- **WHAT YOU WILL DO**
Scan the records below for lines with the word "dominating", then state how many you find and nothing else.
*** Opening PROVIDED MATERIAL ***
fun join_edges :: "nat \<Rightarrow> ('a \<Rightarrow> 'a \<Rightarrow> bool) \<Rightarrow> (nat + 'a) \<Rightarrow> (nat + 'a) \<Rightarrow> bool" where
  "join_edges k E' (Inl i) (Inl j) = (i < k \<and> j < k \<and> i \<noteq> j)"
| "join_edges k E' (Inl i) (Inr y) = (i < k)"
| "join_edges k E' (Inr x) (Inl j) = (j < k)"
| "join_edges k E' (Inr x) (Inr y) = E' x y"

end

theory Submission
  imports Defs
begin

text \<open>A total \<open>k\<close>-dominating set \<open>S\<close> has more than \<open>k\<close> elements, since each of its
  vertices has \<open>k\<close> neighbours in \<open>S\<close> besides itself. As the parts of a partition \<open>\<Omega>\<close> of
  the \<open>n\<close> vertices have total excess \<open>\<Sum>A\<in>\<Omega>. |A| - 1 = n - |\<Omega>|\<close>, a single coalition
  pair already forces \<open>|\<Omega>| \<le> n - k + 1\<close>. At equality all excess sits in one pair and
  every other part is a singleton. Either \<open>n = k + 1\<close> and \<open>G\<close> is complete, or every
  singleton \<open>{y}\<close> has to be partnered with one and the same \<open>k\<close>-set \<open>B\<close>; a total
  \<open>k\<close>-dominating set \<open>B \<union> {y}\<close> of size \<open>k + 1\<close> is a clique, so the vertices of \<open>B\<close> are
  adjacent to all others. A set of \<open>k\<close> such universal vertices is precisely a join
  \<open>K\<^sub>k \<or> G'\<close>; conversely, such a set together with the singletons of the remaining
  vertices is a total \<open>k\<close>-coalition partition of size \<open>n - k + 1\<close>.\<close>

definition universal_clique :: "'a set \<Rightarrow> ('a \<Rightarrow> 'a \<Rightarrow> bool) \<Rightarrow> nat \<Rightarrow> 'a set \<Rightarrow> bool" where
  "universal_clique V E k K \<longleftrightarrow> K \<subseteq> V \<and> card K = k \<and> (\<forall>v\<in>K. V - {v} \<subseteq> nbhd V E v)"

lemma simple_graph_finite: "simple_graph V E \<Longrightarrow> finite V"
  unfolding simple_graph_def by blast

lemma simple_graph_nonempty: "simple_graph V E \<Longrightarrow> V \<noteq> {}"
  unfolding simple_graph_def by blast

lemma simple_graph_sym: "simple_graph V E \<Longrightarrow> E x y \<Longrightarrow> E y x"
  unfolding simple_graph_def by blast

lemma simple_graph_irrefl: "simple_graph V E \<Longrightarrow> \<not> E x x"
  unfolding simple_graph_def by blast

lemma nbhd_subset: "simple_graph V E \<Longrightarrow> nbhd V E v \<subseteq> V - {v}"
  unfolding simple_graph_def nbhd_def by blast

lemma card_gt_if_min_degree_ge:
  assumes "simple_graph V E" "min_degree_ge V E k"
  shows "k < card V"
proof -
  obtain v where v: "v \<in> V"
    using simple_graph_nonempty[OF assms(1)] by blast
  have "k \<le> card (nbhd V E v)"
    using assms(2) v by (simp add: min_degree_ge_def)
  also have "\<dots> \<le> card (V - {v})"
    by (rule card_mono) (use nbhd_subset[OF assms(1)] simple_graph_finite[OF assms(1)] in auto)
  also have "\<dots> < card V"
    using card_Diff1_less[OF simple_graph_finite[OF assms(1)] v] .
  finally show ?thesis .
qed

lemma total_k_dom_self_iff: "total_k_dom k V E V \<longleftrightarrow> min_degree_ge V E k"
proof -
  have "nbhd V E v \<inter> V = nbhd V E v" for v
    by (auto simp: nbhd_def)
  then show ?thesis
    by (simp add: total_k_dom_def min_degree_ge_def)
qed

lemma card_total_k_dom_gt:
  assumes "simple_graph V E" "0 < k" "total_k_dom k V E S"
  shows "k < card S"
proof -
  have SV: "S \<subseteq> V" and dom: "\<And>v. v \<in> V \<Longrightarrow> k \<le> card (nbhd V E v \<inter> S)"
    using assms(3) unfolding total_k_dom_def by blast+
  have fin: "finite S"
    using finite_subset[OF SV simple_graph_finite[OF assms(1)]] .
  obtain v where "v \<in> V"
    using simple_graph_nonempty[OF assms(1)] by blast
  then have "nbhd V E v \<inter> S \<noteq> {}"
    using dom[of v] assms(2) by auto
  then obtain w where w: "w \<in> S" by blast
  have "k \<le> card (nbhd V E w \<inter> S)"
    using dom w SV by blast
  also have "\<dots> \<le> card (S - {w})"
    by (rule card_mono) (use fin nbhd_subset[OF assms(1)] in auto)
  also have "\<dots> < card S"
    using card_Diff1_less[OF fin w] .
  finally show ?thesis .
qed

lemma total_k_dom_card_Suc_clique:
  assumes "simple_graph V E" "total_k_dom k V E D" "card D = Suc k" "v \<in> D"
  shows "D - {v} \<subseteq> nbhd V E v"
proof -
  have fin: "finite D"
    using assms(3) card.infinite by fastforce
  have "nbhd V E v \<inter> D \<subseteq> D - {v}"
    using nbhd_subset[OF assms(1)] by blast
  moreover have "card (D - {v}) \<le> card (nbhd V E v \<inter> D)"
    using assms(2-4) fin by (auto simp: total_k_dom_def)
  ultimately have "nbhd V E v \<inter> D = D - {v}"
    by (intro card_seteq) (use fin in auto)
  then show ?thesis by blast
qed

lemma total_k_coalition_card_gt:
  assumes "simple_graph V E" "0 < k" "total_k_coalition k V E U W"
  shows "k < card U + card W"
proof -
  have UW: "U \<subseteq> V" "W \<subseteq> V" "U \<inter> W = {}" and dom: "total_k_dom k V E (U \<union> W)"
    using assms(3) by (auto simp: total_k_coalition_def)
  then have "finite U" "finite W"
    using simple_graph_finite[OF assms(1)] finite_subset by blast+
  then show ?thesis
    using card_total_k_dom_gt[OF assms(1,2) dom] card_Un_disjoint[of U W] UW(3) by simp
qed

lemma partition_on_elem:
  assumes "partition_on V \<Omega>" "finite V" "A \<in> \<Omega>"
  shows "A \<subseteq> V" "finite A" "0 < card A"
proof -
  show "A \<subseteq> V"
    using assms(1,3) partition_onD1 by blast
  then show "finite A"
    using assms(2) finite_subset by blast
  then show "0 < card A"
    using assms(1,3) partition_onD3 card_gt_0_iff by fastforce
qed

lemma partition_on_excess_bound:
  assumes "partition_on V \<Omega>" "finite V" "S \<subseteq> \<Omega>"
  shows "(\<Sum>A\<in>S. card A - 1) + card \<Omega> \<le> card V"
proof -
  have fin: "finite \<Omega>"
    using finite_elements assms(1,2) by blast
  have "(\<Sum>A\<in>S. card A - 1) + card \<Omega> \<le> (\<Sum>A\<in>\<Omega>. card A - 1) + card \<Omega>"
    using sum_mono2[OF fin assms(3), of "\<lambda>A. card A - 1"] by simp
  also have "\<dots> = (\<Sum>A\<in>\<Omega>. card A - 1 + 1)"
    by (simp add: sum.distrib del: Suc_pred add_Suc_right)
  also have "\<dots> = (\<Sum>A\<in>\<Omega>. card A)"
    using partition_on_elem(3)[OF assms(1,2)] by (simp add: Suc_pred)
  also have "\<dots> = card V"
    using sum.partition[OF assms(2,1), of "\<lambda>_. 1 :: nat"] by simp
  finally show ?thesis .
qed
(* Let $k$ be an algebraically closed field, let $\lambda=(\lambda_1\ge\lambda_2\ge\dots)$ be a partition of $n$ (with $\lambda_j=0$ for $j$ beyond its length), and let $X\in\mathfrak{gl}_n(k)$ be a nilpotent matrix whose Jordan block sizes are given by $\lambda$. Let $1\le i\le n-1$. (i) Every $i$-dimensional subspace $W$ of $V=k^n$ contains an $X$-invariant subspace $U$ with $\dim U\ge\sum_{j>n-i}\lambda_j$. (ii) The upper-left $i\times i$ submatrix $X_{\le i,\le i}$ of $X$ has stable rank at most $d_{\lambda,i}:=i-\sum_{j>n-i}\lambda_j$. *)

theory Defs
  imports "Jordan_Normal_Form.Jordan_Normal_Form" "Jordan_Normal_Form.DL_Rank_Submatrix"
    "HOL-Computational_Algebra.Polynomial"
begin

definition is_subspace :: "nat \<Rightarrow> 'a::field vec set \<Rightarrow> bool" where
  "is_subspace n W \<longleftrightarrow> subspace class_ring W (module_vec TYPE('a) n)"

definition sub_dim :: "nat \<Rightarrow> 'a::field vec set \<Rightarrow> nat" where
  "sub_dim n W = vectorspace.dim class_ring ((module_vec TYPE('a) n)\<lparr>carrier := W\<rparr>)"

definition mat_rank :: "'a::field mat \<Rightarrow> nat" where
  "mat_rank A = vec_space.rank (dim_row A) A"

definition stable_rank :: "'a::field mat \<Rightarrow> nat" where
  "stable_rank A = (THE r. \<exists>N. \<forall>m\<ge>N. mat_rank (A ^\<^sub>m m) = r)"

(* a partition of n, given by its nonzero parts in weakly decreasing order;
   lambda_j = ls ! (j-1) for 1 <= j <= length ls, and 0 beyond *)
definition is_partition :: "nat list \<Rightarrow> nat \<Rightarrow> bool" where
  "is_partition ls n \<longleftrightarrow> sorted_wrt (\<ge>) ls \<and> 0 \<notin> set ls \<and> sum_list ls = n"

end

theory Submission
  imports Defs "Jordan_Normal_Form.Jordan_Normal_Form_Uniqueness"
begin

text \<open>
  Let \<open>U\<close> be the largest \<open>X\<close>-invariant subspace of \<open>W\<close>, i.e. the vectors whose whole \<open>X\<close>-orbit
  lies in \<open>W\<close>. Measure a subspace \<open>S\<close> by the codimension of \<open>S \<inter> U\<close> in \<open>S\<close>. Applying \<open>X\<close> lowers
  this quantity by at most \<open>codim W\<close>, and passing from \<open>im X\<^sup>t\<close> to \<open>im X\<^sup>t\<^sup>+\<^sup>1\<close> lowers it by at most
  \<open>dim im X\<^sup>t - dim im X\<^sup>t\<^sup>+\<^sup>1 = #{j. \<lambda>\<^sub>j > t}\<close>. Telescoping from \<open>im X\<^sup>0 = V\<close> down to
  \<open>im X\<^sup>K = 0\<close> gives \<open>codim U \<le> \<Sum>\<^sub>t min (n - i) #{j. \<lambda>\<^sub>j > t} = \<lambda>\<^sub>1 + \<dots> + \<lambda>\<^sub>n\<^sub>-\<^sub>i\<close>, which is (i).

  For (ii), take \<open>W\<close> spanned by the first \<open>i\<close> coordinate vectors. Truncation to the first \<open>i\<close>
  coordinates is injective on \<open>U\<close> and intertwines \<open>X\<close> on \<open>U\<close> with the leading submatrix \<open>Y\<close>;
  as \<open>X\<close> is nilpotent, the image of \<open>U\<close> lies in the kernel of every large power of \<open>Y\<close>.
\<close>

lemma is_subspaceI:
  fixes W :: "'a::field vec set"
  assumes "W \<subseteq> carrier_vec n" "0\<^sub>v n \<in> W" "\<And>x y. x \<in> W \<Longrightarrow> y \<in> W \<Longrightarrow> x + y \<in> W"
    "\<And>c x. x \<in> W \<Longrightarrow> c \<cdot>\<^sub>v x \<in> W"
  shows "is_subspace n W"
proof -
  interpret vec_space "TYPE('a)" n .
  show ?thesis unfolding is_subspace_def subspace_def submodule_def
    using assms vectorspace_axioms vec_module[where ?'a='a and n=n] by auto
qed
lemma defect_shift:
  assumes u: "u \<in> Vsp n" and v: "v \<in> Vsp n" and w: "w \<in> Wsp n"
  shows "defect (vadd u w) v = defect u v"
proof -
  have "tau (vadd u w) v = tau v (vadd u w)"
    using u v Wsp_Vsp[OF w] by (intro tau_commute) simp_all
  also have "\<dots> = vadd (tau v u) w"
    using R_shift[OF tau_in_R[OF v] u w] by simp
  also have "tau v u = tau u v"
    by (rule tau_commute[OF v u])
  finally have "tau (vadd u w) v = vadd (tau u v) w" .
  then show ?thesis
    by (simp add: defect_def) (auto simp: vadd_def fun_eq_iff)
qed

lemma defect_cls:
  assumes "u \<in> Vsp n" "u' \<in> Vsp n" "v \<in> Vsp n" and "cls u = cls u'"
  shows "defect u v = defect u' v"
  using defect_shift[of u v "vadd u u'"] assms cls_eq_iff_Wsp by simp

lemma defect_tau: "u \<in> Vsp n \<Longrightarrow> v \<in> Vsp n \<Longrightarrow> defect u (tau u v) = defect u v"
  using R_involution[OF tau_in_R] by (simp add: defect_def) (auto simp: vadd_def fun_eq_iff)

lemma defect_vadd:
  assumes "u \<in> Vsp n" "v \<in> Vsp n"
  shows "defect u (vadd u v) = defect u v"
proof -
  have "defect u (vadd u v) = defect (vadd u v) u"
    using assms by (intro defect_commute) simp_all
  also have "\<dots> = defect (tau u v) u"
    using assms by (intro defect_cls) (simp_all add: tau_closed cls_tau)
  also have "\<dots> = defect u (tau u v)"
    using assms by (intro defect_commute) (simp_all add: tau_closed)
  also have "\<dots> = defect u v"
    by (rule defect_tau[OF assms])
  finally show ?thesis .
qed

lemma defect_representatives:
  assumes "r \<in> {vzero, ebas 1, ebas 2, vadd (ebas 1) (ebas 2)}"
    and "s \<in> {vzero, ebas 1, ebas 2, vadd (ebas 1) (ebas 2)}"
  shows "defect r s = smult (symp12 r s) twist"
proof -
  let ?c = "vadd (ebas 1) (ebas 2)"
  have e: "ebas 1 \<in> Vsp n" "ebas 2 \<in> Vsp n" "?c \<in> Vsp n"
    using two_le by (simp_all add: ebas_Vsp)
  have twist: "defect (ebas 1) (ebas 2) = twist" "defect (ebas 1) ?c = twist"
      "defect (ebas 2) ?c = twist"
    using defect_vadd[of "ebas 1" "ebas 2"] defect_vadd[of "ebas 2" "ebas 1"] e
    by (simp_all add: twist_def defect_commute[of "ebas 2"] vadd_commute[of "ebas 2"])
  moreover have "defect (ebas 2) (ebas 1) = twist" "defect ?c (ebas 1) = twist"
      "defect ?c (ebas 2) = twist"
    using defect_commute[OF e(2) e(1)] defect_commute[OF e(3) e(1)] defect_commute[OF e(3) e(2)]
      twist by simp_all
  ultimately show ?thesis
    using assms e
    by (elim insertE emptyE)
      (simp_all add: defect_vzero defect_vzero_right defect_self symp12_cls cls_vadd cls_ebas)
qed

lemma defect_eq:
  assumes u: "u \<in> Vsp n" and v: "v \<in> Vsp n"
  shows "defect u v = smult (symp12 u v) twist"
proof -
  let ?reps = "{vzero, ebas 1, ebas 2, vadd (ebas 1) (ebas 2)}"
  have rep: "cls x \<in> cls ` ?reps" for x
    by (cases "cls x") (auto simp: cls_vadd cls_ebas)
  obtain r s where r: "r \<in> ?reps" "cls u = cls r" and s: "s \<in> ?reps" "cls v = cls s"
    using rep[of u] rep[of v] by blast
  have rV: "r \<in> Vsp n" and sV: "s \<in> Vsp n"
    using r(1) s(1) two_le by (auto simp: ebas_Vsp)
  have "defect u v = defect r v"
    by (rule defect_cls[OF u rV v r(2)])
  also have "\<dots> = defect v r"
    by (rule defect_commute[OF rV v])
  also have "\<dots> = defect s r"
    by (rule defect_cls[OF v sV rV s(2)])
  also have "\<dots> = defect r s"
    by (rule defect_commute[OF sV rV])
  also have "\<dots> = smult (symp12 u v) twist"
    using defect_representatives[OF r(1) s(1)] r(2) s(2) by (simp add: symp12_cls)
  finally show ?thesis .
qed

lemma tau_eq_twisted_transl:
  assumes u: "u \<in> Vsp n"
  shows "tau u = twisted_transl n twist u"
proof (rule extensionalityI)
  show "tau u \<in> extensional (Vsp n)"
    using Bij_imp_extensional[OF R_Bij[OF tau_in_R[OF u]]] .
  fix x assume x: "x \<in> Vsp n"
  have "tau u x = vadd (vadd u x) (defect u x)"
    by (auto simp: defect_def vadd_def fun_eq_iff)
  then show "tau u x = twisted_transl n twist u x"
    using defect_eq[OF u x] x by (simp add: twisted_sum_def symp12_commute[of u] vadd_commute[of u])
qed (simp add: twisted_transl_def)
*** Closing PROVIDED MATERIAL ***
- **ANSWER BELOW**
2